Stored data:

+-------+

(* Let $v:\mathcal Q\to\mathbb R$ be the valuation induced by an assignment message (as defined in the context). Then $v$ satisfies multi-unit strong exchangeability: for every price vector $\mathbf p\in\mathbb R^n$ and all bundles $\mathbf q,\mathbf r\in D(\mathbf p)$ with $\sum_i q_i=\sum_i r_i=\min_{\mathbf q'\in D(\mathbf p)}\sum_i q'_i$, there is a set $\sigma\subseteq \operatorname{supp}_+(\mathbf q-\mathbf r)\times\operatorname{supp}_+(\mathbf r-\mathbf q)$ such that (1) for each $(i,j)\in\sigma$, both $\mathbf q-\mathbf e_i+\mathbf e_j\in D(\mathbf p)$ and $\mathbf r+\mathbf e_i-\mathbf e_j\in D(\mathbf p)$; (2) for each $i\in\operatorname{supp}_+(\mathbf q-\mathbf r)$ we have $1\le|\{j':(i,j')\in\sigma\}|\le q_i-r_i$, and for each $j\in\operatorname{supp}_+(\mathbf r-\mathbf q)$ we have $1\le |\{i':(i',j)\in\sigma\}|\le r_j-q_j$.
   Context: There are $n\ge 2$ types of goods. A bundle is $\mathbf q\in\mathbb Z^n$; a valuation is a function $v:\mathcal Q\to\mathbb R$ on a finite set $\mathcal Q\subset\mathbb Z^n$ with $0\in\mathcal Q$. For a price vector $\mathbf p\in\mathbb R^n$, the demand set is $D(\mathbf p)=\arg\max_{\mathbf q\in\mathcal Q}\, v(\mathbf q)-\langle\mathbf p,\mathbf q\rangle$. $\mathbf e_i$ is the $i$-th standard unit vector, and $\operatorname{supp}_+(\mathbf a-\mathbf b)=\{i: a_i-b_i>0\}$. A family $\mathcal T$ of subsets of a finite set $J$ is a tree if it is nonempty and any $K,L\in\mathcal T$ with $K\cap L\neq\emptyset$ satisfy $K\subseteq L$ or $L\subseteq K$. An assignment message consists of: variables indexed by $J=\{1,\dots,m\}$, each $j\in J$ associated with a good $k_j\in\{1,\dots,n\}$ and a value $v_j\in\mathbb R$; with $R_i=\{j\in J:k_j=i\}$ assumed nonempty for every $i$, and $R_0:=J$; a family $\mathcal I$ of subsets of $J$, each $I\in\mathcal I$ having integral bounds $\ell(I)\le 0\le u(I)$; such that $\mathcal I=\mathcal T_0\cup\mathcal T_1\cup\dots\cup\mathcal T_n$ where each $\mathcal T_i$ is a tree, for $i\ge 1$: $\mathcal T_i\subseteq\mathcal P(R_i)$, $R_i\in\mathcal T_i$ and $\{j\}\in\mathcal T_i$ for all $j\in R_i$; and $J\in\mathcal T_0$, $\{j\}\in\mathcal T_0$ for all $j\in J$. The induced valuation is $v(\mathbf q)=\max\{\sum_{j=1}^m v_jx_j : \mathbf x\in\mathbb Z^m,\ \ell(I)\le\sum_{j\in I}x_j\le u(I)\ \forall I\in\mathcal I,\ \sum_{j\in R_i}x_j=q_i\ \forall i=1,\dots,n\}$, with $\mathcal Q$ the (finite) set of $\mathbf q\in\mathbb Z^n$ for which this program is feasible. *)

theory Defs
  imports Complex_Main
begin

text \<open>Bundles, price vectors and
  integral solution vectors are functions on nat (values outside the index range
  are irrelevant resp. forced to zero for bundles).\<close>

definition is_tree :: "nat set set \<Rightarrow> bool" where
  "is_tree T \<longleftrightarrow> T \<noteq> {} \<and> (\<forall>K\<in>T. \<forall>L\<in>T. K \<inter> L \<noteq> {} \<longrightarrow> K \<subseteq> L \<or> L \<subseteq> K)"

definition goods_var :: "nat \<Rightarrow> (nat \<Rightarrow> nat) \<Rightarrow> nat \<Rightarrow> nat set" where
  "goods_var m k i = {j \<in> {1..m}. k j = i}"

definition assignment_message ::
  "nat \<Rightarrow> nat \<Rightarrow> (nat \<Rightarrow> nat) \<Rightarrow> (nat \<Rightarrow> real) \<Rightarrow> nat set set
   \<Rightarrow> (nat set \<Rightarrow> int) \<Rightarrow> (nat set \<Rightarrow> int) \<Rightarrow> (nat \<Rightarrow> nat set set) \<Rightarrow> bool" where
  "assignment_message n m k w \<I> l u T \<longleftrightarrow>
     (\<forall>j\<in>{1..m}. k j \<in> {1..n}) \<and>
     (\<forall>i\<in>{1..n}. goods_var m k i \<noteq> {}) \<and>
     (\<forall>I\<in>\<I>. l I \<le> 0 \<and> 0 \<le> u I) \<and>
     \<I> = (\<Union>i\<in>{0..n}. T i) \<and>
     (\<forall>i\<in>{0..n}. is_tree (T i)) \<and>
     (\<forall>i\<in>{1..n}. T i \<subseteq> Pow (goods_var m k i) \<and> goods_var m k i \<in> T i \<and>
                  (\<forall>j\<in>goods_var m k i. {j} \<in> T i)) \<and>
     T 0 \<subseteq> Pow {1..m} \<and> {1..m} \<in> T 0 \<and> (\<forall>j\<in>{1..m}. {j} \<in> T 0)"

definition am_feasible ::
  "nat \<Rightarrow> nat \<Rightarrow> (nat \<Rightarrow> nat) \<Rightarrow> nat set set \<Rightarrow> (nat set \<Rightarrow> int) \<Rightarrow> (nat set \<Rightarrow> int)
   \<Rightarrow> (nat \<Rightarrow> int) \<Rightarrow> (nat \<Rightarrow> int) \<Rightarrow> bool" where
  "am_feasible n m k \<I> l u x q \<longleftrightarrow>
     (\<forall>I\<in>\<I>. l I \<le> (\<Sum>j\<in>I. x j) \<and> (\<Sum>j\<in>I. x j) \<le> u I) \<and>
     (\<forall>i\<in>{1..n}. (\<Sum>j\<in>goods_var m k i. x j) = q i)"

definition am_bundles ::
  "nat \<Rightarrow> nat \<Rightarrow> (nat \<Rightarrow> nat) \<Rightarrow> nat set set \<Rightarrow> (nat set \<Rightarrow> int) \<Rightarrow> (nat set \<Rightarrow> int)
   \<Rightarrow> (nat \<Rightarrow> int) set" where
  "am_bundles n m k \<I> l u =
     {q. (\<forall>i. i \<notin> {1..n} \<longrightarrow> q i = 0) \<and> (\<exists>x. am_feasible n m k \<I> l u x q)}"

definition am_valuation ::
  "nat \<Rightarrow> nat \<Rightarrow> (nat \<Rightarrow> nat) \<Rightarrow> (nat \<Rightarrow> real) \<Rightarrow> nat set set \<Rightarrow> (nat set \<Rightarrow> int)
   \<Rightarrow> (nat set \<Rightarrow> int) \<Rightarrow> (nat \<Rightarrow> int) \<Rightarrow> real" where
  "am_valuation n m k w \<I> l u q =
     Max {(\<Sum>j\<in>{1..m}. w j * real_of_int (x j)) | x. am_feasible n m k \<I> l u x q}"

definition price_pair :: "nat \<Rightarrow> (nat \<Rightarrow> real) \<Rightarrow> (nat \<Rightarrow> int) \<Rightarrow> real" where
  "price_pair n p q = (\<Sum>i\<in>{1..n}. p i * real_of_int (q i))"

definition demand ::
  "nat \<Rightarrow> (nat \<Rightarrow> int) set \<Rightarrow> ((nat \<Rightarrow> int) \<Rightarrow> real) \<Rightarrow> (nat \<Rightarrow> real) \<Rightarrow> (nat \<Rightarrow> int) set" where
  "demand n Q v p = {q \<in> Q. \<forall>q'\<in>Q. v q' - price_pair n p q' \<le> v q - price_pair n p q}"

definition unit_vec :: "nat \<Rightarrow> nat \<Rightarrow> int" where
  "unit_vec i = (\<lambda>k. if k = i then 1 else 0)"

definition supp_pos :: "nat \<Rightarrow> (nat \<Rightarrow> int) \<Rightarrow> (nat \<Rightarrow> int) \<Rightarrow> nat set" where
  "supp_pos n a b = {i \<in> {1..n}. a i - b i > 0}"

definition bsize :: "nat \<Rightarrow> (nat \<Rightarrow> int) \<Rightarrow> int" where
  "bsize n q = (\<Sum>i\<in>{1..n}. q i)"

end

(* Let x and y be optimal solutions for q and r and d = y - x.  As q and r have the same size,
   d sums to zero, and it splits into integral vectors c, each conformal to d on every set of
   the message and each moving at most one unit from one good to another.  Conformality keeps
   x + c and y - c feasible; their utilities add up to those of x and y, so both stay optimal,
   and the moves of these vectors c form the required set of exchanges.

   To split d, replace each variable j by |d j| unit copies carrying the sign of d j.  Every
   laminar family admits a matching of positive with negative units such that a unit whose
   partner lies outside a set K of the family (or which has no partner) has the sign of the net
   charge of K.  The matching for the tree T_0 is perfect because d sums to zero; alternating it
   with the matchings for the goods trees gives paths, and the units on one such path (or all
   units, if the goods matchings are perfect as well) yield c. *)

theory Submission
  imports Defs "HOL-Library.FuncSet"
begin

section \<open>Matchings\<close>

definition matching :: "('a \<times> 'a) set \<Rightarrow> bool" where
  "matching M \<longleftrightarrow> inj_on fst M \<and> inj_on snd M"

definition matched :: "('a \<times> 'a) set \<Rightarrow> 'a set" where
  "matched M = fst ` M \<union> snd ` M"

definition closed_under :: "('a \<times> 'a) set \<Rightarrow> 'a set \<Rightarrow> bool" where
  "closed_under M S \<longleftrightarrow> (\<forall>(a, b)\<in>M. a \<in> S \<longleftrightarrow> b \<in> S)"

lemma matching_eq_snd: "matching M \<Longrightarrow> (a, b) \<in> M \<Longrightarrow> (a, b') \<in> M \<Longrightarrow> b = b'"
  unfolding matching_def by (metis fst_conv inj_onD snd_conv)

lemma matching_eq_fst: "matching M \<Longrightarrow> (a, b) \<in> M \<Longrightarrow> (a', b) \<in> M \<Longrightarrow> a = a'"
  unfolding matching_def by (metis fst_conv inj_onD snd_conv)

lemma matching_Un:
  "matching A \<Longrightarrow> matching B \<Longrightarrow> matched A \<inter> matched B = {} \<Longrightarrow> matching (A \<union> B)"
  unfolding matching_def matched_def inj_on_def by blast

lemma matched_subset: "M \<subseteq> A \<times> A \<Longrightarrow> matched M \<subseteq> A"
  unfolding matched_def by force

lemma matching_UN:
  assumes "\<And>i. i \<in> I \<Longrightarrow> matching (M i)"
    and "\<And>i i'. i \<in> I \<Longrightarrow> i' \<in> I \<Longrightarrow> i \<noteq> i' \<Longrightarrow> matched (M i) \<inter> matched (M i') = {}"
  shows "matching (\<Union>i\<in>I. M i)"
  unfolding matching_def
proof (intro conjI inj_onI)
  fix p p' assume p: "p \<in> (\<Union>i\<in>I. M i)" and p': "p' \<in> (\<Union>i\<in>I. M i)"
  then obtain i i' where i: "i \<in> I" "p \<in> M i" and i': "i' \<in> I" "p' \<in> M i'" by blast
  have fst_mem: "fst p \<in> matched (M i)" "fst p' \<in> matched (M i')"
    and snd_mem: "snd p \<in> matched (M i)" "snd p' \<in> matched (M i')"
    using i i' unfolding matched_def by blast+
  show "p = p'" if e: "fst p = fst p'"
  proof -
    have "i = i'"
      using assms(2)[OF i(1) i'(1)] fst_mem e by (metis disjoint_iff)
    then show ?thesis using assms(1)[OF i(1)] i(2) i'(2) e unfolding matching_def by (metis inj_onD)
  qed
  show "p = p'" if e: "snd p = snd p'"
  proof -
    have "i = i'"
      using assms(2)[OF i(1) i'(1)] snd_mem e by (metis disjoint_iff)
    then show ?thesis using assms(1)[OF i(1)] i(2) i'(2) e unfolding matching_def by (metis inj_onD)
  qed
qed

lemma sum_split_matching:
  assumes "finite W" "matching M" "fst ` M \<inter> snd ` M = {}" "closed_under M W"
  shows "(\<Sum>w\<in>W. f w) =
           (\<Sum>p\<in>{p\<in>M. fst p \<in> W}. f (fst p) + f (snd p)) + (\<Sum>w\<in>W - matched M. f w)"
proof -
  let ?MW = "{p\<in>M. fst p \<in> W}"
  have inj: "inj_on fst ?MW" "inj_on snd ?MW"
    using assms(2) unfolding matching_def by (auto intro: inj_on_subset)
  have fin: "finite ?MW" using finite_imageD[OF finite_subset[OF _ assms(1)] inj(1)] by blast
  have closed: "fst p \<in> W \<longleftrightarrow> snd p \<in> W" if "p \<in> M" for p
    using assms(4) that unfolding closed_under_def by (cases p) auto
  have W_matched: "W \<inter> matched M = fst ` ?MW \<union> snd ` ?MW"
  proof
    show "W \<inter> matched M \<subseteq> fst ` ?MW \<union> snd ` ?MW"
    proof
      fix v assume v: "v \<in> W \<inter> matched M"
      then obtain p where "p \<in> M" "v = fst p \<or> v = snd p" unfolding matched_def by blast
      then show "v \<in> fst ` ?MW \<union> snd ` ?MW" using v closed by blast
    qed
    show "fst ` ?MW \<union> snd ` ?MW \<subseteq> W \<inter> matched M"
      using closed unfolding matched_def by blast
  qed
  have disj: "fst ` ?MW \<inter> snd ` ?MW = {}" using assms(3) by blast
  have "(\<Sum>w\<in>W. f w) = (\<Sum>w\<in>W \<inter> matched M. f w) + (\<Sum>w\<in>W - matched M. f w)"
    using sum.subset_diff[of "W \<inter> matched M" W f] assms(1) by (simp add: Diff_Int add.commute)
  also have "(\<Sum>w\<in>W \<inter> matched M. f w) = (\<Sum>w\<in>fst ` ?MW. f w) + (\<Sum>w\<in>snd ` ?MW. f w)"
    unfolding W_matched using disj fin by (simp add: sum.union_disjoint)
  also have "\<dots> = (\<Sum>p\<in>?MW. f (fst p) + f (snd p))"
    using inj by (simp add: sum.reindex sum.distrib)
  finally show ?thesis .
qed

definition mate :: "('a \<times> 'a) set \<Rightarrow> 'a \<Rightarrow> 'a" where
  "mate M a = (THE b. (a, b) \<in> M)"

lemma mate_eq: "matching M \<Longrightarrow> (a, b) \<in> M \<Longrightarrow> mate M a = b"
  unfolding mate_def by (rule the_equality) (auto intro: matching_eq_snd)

+-------+

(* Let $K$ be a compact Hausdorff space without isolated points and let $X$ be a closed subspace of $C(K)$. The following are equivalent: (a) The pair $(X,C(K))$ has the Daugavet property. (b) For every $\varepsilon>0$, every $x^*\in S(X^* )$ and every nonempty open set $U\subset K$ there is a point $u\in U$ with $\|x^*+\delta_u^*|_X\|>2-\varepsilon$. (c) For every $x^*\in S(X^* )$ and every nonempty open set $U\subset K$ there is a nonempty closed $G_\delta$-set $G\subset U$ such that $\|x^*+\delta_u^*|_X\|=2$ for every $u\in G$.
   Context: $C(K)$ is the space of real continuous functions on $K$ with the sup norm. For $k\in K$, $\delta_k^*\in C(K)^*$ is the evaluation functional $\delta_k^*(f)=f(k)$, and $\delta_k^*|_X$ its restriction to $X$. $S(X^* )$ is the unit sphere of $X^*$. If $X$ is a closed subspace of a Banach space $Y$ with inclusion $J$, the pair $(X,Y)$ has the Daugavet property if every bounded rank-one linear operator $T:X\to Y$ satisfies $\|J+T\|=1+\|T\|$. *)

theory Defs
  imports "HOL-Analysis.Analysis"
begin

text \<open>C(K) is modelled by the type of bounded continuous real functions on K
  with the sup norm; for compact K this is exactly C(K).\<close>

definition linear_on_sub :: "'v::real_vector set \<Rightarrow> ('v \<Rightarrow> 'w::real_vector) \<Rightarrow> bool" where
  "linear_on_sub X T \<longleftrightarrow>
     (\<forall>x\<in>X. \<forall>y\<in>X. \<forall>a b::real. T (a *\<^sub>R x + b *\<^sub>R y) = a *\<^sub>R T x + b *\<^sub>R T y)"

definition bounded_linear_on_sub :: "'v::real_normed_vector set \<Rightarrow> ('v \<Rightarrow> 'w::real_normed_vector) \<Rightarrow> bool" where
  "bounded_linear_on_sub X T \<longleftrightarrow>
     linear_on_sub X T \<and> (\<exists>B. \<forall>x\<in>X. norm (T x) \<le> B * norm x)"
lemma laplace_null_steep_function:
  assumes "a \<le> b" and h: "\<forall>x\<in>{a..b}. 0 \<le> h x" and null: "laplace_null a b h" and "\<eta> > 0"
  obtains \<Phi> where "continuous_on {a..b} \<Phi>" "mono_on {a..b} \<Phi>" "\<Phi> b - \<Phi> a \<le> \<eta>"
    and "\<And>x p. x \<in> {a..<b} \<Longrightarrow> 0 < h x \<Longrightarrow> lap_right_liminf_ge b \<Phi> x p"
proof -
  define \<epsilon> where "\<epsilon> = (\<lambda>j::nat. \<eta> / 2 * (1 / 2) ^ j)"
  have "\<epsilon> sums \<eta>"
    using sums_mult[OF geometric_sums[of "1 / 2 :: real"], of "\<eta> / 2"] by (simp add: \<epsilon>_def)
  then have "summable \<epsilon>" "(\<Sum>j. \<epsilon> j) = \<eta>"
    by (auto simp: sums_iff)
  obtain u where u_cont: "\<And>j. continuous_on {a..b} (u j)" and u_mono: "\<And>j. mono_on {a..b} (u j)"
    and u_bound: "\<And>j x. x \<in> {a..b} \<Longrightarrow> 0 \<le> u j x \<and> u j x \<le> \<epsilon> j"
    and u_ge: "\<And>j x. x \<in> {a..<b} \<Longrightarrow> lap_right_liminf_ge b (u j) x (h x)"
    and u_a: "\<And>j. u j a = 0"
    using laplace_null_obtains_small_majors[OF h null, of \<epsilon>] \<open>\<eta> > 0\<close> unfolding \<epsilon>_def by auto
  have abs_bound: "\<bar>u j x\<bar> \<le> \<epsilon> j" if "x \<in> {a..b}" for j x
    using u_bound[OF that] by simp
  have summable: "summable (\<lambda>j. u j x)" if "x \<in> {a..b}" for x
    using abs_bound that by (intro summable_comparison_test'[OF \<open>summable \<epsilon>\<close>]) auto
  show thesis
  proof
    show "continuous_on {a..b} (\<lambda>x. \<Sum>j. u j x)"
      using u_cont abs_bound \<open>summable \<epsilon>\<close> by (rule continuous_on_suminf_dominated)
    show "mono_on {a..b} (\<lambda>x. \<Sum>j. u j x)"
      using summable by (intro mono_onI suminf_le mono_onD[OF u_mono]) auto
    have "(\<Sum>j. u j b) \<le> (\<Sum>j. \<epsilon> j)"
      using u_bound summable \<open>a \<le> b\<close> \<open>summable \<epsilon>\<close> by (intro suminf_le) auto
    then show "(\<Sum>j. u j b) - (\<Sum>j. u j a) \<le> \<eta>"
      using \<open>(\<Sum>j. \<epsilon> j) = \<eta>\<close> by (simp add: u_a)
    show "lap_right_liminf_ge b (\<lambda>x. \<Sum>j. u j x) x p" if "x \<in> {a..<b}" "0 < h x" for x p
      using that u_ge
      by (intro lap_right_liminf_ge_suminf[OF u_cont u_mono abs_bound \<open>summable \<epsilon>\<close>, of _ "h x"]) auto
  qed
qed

+-------+

Output only an exact transcription of the lines above from the one with "closed by blast" up to and including the one with "unfolding mate_def by".

Problem solution »
      then show "v \<in> fst ` ?MW \<union> snd ` ?MW" using v closed by blast
    qed
    show "fst ` ?MW \<union> snd ` ?MW \<subseteq> W \<inter> matched M"
      using closed unfolding matched_def by blast
  qed
  have disj: "fst ` ?MW \<inter> snd ` ?MW = {}" using assms(3) by blast
  have "(\<Sum>w\<in>W. f w) = (\<Sum>w\<in>W \<inter> matched M. f w) + (\<Sum>w\<in>W - matched M. f w)"
    using sum.subset_diff[of "W \<inter> matched M" W f] assms(1) by (simp add: Diff_Int add.commute)
  also have "(\<Sum>w\<in>W \<inter> matched M. f w) = (\<Sum>w\<in>fst ` ?MW. f w) + (\<Sum>w\<in>snd ` ?MW. f w)"
    unfolding W_matched using disj fin by (simp add: sum.union_disjoint)
  also have "\<dots> = (\<Sum>p\<in>?MW. f (fst p) + f (snd p))"
    using inj by (simp add: sum.reindex sum.distrib)
  finally show ?thesis .
qed

definition mate :: "('a \<times> 'a) set \<Rightarrow> 'a \<Rightarrow> 'a" where
  "mate M a = (THE b. (a, b) \<in> M)"

lemma mate_eq: "matching M \<Longrightarrow> (a, b) \<in> M \<Longrightarrow> mate M a = b"
  unfolding mate_def by (rule the_equality) (auto intro: matching_eq_snd)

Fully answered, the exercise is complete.